[Records supplied — start]

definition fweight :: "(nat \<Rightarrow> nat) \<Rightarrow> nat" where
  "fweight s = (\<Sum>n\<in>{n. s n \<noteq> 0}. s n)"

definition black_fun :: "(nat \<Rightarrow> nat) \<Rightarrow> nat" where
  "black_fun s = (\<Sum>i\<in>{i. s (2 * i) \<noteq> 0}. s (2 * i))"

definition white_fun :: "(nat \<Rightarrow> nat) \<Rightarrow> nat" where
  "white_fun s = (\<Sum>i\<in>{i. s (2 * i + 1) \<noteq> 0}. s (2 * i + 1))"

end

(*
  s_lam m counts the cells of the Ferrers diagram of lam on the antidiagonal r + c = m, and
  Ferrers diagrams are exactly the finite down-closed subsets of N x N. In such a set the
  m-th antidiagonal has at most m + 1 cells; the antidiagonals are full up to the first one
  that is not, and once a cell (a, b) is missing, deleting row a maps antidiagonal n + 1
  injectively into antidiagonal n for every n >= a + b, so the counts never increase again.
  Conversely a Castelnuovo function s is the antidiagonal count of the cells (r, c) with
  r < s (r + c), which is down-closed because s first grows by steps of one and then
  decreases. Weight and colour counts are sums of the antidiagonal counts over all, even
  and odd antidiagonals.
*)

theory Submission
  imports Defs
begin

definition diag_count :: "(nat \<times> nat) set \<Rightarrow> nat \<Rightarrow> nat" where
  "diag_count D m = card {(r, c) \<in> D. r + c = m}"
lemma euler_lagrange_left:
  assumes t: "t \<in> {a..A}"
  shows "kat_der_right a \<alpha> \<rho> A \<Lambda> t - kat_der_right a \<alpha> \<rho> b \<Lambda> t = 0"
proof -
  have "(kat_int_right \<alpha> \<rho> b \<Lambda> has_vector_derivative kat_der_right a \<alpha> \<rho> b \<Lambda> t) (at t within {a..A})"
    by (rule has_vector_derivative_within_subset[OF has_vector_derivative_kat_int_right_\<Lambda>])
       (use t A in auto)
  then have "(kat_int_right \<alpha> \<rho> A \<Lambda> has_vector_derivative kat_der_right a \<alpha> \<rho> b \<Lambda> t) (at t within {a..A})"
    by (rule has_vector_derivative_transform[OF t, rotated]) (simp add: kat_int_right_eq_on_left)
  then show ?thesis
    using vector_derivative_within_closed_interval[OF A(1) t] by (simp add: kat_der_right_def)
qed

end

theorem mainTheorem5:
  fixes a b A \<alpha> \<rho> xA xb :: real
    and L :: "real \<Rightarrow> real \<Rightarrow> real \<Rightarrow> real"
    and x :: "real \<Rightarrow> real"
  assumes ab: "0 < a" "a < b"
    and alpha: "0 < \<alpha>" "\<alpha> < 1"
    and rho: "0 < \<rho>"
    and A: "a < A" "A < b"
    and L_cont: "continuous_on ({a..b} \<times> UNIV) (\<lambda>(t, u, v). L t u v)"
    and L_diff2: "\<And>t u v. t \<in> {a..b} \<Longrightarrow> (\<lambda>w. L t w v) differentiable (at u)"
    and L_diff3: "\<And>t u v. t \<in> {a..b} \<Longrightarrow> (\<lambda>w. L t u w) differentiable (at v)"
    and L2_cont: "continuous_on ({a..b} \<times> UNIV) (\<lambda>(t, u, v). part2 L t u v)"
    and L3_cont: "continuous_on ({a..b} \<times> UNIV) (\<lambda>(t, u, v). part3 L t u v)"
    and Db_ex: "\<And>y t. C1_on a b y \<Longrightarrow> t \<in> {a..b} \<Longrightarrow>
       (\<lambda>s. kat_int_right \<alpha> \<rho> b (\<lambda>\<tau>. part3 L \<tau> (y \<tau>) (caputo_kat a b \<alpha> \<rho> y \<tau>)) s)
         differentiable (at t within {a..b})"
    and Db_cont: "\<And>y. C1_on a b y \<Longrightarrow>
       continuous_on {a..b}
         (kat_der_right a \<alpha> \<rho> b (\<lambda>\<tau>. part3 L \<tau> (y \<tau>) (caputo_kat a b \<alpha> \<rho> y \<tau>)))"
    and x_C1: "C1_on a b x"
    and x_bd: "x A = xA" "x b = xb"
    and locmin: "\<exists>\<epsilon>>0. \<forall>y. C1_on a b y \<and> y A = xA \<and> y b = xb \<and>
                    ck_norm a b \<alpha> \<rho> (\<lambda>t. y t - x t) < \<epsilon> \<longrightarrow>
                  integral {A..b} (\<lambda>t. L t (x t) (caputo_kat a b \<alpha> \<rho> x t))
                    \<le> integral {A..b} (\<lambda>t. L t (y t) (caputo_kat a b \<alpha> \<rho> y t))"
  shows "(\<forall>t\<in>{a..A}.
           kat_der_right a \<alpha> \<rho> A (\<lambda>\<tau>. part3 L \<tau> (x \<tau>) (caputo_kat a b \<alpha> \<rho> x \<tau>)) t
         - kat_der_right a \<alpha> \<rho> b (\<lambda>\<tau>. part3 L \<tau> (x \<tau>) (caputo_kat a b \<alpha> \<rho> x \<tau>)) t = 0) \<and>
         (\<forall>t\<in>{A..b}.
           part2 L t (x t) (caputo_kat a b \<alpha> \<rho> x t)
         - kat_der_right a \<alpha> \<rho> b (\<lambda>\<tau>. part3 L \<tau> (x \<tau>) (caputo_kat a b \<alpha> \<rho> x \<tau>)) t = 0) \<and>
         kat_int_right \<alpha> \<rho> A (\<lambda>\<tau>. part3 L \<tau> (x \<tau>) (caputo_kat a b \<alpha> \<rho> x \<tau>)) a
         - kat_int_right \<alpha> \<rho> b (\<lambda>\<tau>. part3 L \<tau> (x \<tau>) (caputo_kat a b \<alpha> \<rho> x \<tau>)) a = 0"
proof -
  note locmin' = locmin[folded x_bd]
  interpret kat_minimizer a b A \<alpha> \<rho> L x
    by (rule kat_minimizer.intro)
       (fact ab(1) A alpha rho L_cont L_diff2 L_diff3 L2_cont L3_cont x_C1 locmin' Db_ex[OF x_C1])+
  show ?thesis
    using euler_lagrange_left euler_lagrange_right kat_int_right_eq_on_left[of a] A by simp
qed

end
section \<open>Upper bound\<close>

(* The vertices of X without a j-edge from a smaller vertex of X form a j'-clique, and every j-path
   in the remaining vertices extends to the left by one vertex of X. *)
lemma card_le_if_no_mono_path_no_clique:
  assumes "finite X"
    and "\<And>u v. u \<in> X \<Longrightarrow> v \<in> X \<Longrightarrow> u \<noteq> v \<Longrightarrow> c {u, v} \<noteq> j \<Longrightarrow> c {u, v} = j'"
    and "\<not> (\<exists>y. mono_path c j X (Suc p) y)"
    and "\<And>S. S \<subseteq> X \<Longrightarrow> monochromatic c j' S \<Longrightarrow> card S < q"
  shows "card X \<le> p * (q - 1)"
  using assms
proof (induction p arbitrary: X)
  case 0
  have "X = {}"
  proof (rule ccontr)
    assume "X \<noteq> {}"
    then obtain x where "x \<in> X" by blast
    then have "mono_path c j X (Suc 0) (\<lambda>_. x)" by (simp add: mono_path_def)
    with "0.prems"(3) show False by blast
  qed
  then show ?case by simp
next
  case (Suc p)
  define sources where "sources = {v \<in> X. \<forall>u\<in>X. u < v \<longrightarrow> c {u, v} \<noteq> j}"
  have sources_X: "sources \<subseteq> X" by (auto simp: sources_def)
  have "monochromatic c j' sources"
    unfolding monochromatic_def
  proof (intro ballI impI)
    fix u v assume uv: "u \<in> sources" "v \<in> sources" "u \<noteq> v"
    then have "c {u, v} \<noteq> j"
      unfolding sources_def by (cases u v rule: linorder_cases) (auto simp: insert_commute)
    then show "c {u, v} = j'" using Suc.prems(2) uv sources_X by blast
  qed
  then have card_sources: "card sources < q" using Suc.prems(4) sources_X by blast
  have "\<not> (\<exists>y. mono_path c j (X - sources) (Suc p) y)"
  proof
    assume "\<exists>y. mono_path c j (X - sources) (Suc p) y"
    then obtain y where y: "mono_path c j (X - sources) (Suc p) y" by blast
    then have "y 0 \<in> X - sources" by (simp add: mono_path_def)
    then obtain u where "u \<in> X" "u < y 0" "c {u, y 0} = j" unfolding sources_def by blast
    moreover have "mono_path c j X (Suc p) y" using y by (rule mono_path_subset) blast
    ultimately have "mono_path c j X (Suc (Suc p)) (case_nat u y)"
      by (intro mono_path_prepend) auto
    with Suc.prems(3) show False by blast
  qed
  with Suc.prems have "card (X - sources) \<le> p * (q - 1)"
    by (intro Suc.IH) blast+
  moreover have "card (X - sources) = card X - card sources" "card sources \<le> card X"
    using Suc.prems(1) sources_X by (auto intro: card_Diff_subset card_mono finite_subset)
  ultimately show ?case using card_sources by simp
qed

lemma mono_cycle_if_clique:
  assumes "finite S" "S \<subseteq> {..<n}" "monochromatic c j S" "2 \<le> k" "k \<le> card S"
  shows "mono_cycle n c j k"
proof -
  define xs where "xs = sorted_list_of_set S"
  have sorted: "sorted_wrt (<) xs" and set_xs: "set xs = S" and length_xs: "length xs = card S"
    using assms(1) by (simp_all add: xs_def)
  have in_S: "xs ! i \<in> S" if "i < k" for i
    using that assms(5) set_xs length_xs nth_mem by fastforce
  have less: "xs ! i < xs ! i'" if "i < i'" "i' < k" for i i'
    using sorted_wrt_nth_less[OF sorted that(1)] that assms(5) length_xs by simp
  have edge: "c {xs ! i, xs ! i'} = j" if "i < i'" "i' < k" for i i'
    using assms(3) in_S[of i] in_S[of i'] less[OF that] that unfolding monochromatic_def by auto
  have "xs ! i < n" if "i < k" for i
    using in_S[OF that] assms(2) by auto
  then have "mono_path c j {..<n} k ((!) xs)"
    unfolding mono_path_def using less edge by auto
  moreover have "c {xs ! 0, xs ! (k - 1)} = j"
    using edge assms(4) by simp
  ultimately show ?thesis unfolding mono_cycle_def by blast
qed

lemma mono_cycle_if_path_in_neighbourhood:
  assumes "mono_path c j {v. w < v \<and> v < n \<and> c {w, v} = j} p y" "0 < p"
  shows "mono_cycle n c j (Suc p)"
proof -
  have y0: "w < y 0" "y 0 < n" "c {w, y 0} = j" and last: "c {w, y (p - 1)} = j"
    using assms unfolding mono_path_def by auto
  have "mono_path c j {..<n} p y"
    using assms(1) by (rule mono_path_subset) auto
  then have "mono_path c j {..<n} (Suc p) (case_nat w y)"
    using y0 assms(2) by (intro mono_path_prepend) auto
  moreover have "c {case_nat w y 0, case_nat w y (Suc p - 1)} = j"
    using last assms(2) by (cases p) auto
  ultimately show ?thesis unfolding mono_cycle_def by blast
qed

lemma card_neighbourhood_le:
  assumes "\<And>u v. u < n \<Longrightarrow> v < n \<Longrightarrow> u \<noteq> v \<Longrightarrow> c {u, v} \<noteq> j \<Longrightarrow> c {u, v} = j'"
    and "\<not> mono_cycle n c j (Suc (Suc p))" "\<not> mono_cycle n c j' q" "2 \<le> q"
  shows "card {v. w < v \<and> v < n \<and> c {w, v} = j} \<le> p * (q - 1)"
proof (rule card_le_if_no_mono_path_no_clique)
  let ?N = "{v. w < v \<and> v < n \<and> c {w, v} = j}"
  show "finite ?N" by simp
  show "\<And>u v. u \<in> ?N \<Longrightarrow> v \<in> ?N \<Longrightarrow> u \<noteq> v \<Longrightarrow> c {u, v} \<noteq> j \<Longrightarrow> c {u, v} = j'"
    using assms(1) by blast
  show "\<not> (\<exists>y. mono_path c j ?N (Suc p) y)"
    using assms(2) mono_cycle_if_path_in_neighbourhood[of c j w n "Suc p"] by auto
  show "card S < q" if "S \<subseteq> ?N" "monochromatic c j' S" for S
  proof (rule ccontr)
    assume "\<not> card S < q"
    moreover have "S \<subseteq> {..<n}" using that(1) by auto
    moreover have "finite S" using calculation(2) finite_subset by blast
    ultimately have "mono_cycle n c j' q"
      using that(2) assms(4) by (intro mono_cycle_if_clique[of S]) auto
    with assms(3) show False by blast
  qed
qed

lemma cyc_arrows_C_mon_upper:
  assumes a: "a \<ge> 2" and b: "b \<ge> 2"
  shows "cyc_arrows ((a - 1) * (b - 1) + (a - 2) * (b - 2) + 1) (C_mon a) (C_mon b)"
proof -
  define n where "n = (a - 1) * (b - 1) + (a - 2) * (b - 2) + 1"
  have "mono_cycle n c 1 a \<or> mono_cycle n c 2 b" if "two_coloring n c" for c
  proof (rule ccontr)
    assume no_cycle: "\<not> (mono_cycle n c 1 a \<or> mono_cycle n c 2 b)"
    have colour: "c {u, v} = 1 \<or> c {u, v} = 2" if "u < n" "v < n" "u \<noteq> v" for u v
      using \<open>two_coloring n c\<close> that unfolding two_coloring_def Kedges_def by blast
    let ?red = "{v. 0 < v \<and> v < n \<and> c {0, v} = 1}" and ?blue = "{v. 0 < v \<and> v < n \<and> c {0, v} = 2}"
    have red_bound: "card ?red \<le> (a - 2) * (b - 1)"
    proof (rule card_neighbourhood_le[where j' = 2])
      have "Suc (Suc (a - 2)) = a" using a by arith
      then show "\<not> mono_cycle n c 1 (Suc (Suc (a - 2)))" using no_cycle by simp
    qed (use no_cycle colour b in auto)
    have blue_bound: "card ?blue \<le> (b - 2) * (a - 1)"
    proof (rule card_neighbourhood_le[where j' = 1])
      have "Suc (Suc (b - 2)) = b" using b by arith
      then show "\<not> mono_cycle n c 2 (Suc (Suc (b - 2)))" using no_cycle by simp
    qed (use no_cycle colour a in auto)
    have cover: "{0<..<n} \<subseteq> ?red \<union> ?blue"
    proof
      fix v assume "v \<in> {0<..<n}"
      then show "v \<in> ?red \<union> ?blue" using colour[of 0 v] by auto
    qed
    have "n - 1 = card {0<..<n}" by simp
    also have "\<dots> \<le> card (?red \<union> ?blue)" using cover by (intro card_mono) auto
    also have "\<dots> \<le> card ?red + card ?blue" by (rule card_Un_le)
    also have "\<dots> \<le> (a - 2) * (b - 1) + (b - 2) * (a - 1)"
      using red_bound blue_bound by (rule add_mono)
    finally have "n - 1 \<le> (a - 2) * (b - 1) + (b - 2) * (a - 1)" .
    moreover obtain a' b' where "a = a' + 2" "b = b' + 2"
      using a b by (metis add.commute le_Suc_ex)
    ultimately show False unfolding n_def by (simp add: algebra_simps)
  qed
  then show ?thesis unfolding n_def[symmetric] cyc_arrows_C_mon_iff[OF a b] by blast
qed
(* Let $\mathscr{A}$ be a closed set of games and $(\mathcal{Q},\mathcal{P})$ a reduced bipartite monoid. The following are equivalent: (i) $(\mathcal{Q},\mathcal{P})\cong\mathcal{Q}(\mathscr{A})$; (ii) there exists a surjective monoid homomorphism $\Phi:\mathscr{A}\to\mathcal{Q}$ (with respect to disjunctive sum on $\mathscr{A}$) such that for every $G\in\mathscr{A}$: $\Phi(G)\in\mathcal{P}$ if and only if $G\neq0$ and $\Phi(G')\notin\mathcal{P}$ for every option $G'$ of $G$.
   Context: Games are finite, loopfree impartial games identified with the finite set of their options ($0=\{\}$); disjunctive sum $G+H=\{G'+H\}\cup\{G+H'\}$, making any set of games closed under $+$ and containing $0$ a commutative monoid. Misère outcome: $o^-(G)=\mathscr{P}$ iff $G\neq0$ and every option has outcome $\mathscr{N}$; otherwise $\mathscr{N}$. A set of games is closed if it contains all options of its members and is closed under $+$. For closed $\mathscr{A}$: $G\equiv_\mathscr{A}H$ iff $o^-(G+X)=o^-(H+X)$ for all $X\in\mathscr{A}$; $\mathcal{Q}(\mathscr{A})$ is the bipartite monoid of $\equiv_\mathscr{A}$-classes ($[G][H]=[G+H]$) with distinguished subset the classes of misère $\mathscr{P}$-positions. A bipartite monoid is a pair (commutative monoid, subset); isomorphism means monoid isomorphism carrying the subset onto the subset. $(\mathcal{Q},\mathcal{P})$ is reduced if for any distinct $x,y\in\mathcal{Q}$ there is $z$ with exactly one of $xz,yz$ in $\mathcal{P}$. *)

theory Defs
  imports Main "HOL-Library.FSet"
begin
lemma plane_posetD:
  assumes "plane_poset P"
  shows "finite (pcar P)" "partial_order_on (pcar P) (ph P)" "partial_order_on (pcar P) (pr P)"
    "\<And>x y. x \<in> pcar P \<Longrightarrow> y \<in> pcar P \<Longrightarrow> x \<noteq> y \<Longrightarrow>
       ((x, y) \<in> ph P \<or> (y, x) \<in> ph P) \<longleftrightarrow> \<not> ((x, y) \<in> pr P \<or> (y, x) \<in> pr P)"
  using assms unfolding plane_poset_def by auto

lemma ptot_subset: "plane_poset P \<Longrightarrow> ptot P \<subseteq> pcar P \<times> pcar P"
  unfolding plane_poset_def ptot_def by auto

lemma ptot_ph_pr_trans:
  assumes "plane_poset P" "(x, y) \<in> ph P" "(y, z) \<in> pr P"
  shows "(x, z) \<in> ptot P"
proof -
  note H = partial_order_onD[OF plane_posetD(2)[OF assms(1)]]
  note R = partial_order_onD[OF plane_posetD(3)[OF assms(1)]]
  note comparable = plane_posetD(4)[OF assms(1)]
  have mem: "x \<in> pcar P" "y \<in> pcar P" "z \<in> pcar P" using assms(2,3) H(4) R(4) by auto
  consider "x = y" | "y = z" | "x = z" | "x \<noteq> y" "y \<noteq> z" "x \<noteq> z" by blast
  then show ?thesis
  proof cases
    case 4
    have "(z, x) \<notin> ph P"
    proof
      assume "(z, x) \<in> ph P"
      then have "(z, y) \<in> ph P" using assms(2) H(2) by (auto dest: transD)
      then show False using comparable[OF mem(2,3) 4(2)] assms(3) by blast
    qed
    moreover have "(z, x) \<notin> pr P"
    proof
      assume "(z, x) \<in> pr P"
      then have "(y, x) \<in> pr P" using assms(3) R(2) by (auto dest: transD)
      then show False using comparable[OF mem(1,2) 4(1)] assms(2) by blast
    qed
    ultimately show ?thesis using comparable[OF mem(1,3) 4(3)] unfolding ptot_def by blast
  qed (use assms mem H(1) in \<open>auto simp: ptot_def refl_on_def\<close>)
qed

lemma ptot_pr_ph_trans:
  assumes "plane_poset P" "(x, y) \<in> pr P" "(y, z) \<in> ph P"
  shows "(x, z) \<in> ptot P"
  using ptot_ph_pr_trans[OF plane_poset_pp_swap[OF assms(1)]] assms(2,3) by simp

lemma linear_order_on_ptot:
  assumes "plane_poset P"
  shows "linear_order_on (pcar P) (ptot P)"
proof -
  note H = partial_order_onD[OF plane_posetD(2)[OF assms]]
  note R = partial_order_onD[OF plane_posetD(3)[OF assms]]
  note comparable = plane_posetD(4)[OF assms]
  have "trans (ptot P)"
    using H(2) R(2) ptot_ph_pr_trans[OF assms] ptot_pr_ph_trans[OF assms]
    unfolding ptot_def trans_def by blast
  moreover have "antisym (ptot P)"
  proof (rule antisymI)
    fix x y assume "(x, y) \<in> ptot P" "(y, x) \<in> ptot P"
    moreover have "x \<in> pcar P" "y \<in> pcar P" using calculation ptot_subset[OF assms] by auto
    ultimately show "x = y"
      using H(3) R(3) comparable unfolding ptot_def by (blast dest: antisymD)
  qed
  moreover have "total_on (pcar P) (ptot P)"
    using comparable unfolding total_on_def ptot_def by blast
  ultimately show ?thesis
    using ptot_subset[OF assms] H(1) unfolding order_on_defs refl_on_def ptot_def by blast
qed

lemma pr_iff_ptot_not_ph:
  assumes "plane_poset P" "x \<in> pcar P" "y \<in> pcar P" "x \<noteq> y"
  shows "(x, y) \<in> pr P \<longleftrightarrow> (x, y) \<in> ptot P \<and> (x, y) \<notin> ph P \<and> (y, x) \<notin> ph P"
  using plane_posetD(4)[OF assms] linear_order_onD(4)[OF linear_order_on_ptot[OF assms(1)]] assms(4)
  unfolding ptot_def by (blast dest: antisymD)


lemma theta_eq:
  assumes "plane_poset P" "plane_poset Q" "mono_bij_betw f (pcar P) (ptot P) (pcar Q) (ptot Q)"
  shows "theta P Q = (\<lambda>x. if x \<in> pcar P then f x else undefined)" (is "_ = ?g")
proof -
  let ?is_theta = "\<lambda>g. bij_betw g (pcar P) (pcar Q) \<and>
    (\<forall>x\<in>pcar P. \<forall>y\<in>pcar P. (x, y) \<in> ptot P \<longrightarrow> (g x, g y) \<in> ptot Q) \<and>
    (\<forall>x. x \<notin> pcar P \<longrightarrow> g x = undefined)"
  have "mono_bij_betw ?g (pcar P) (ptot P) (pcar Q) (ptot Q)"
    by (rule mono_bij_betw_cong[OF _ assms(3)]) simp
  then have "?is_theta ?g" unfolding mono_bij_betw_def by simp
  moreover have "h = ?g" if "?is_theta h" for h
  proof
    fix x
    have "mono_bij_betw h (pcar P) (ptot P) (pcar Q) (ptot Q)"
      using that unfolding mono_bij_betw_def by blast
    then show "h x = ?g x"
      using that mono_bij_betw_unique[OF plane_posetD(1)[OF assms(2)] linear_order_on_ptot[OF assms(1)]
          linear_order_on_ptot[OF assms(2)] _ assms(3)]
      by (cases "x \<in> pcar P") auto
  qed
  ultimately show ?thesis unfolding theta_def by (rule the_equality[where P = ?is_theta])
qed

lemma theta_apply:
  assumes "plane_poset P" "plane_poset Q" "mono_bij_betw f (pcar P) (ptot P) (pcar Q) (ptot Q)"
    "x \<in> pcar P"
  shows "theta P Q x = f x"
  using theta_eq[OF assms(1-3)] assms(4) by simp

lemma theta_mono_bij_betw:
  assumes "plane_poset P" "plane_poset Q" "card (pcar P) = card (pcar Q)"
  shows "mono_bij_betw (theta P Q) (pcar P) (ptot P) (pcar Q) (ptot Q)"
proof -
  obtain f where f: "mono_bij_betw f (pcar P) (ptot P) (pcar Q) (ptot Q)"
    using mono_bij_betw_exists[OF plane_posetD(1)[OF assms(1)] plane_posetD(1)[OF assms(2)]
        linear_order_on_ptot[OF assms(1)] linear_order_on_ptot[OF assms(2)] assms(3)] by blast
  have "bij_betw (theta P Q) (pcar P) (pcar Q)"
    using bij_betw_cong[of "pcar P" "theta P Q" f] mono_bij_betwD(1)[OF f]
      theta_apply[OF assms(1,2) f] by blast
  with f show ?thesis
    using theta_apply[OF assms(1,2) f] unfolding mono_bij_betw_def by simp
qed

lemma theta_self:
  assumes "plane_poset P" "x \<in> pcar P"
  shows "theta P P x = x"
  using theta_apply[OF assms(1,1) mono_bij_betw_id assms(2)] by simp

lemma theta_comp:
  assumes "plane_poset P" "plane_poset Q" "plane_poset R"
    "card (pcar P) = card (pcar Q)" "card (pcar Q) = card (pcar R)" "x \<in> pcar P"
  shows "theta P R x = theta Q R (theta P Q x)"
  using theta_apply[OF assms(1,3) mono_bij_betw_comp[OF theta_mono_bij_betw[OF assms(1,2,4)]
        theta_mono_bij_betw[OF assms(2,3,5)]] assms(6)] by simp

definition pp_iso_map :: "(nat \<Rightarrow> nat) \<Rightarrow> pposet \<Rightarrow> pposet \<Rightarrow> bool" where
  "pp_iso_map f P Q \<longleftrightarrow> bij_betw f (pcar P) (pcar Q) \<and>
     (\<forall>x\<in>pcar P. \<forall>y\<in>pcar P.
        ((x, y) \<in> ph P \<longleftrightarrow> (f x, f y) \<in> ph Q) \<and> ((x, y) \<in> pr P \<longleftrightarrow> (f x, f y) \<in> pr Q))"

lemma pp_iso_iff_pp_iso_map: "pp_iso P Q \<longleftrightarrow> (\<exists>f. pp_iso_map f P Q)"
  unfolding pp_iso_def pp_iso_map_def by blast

[Records supplied — finish]

▶ [What you have to do] In which lines of the records does the word "open" appear? Copy each of them.

▶ [Exercise output]
section \<open>Upper bound\<close>
      using \<open>two_coloring n c\<close> that unfolding two_coloring_def Kedges_def by blast
  qed (use assms mem H(1) in \<open>auto simp: ptot_def refl_on_def\<close>)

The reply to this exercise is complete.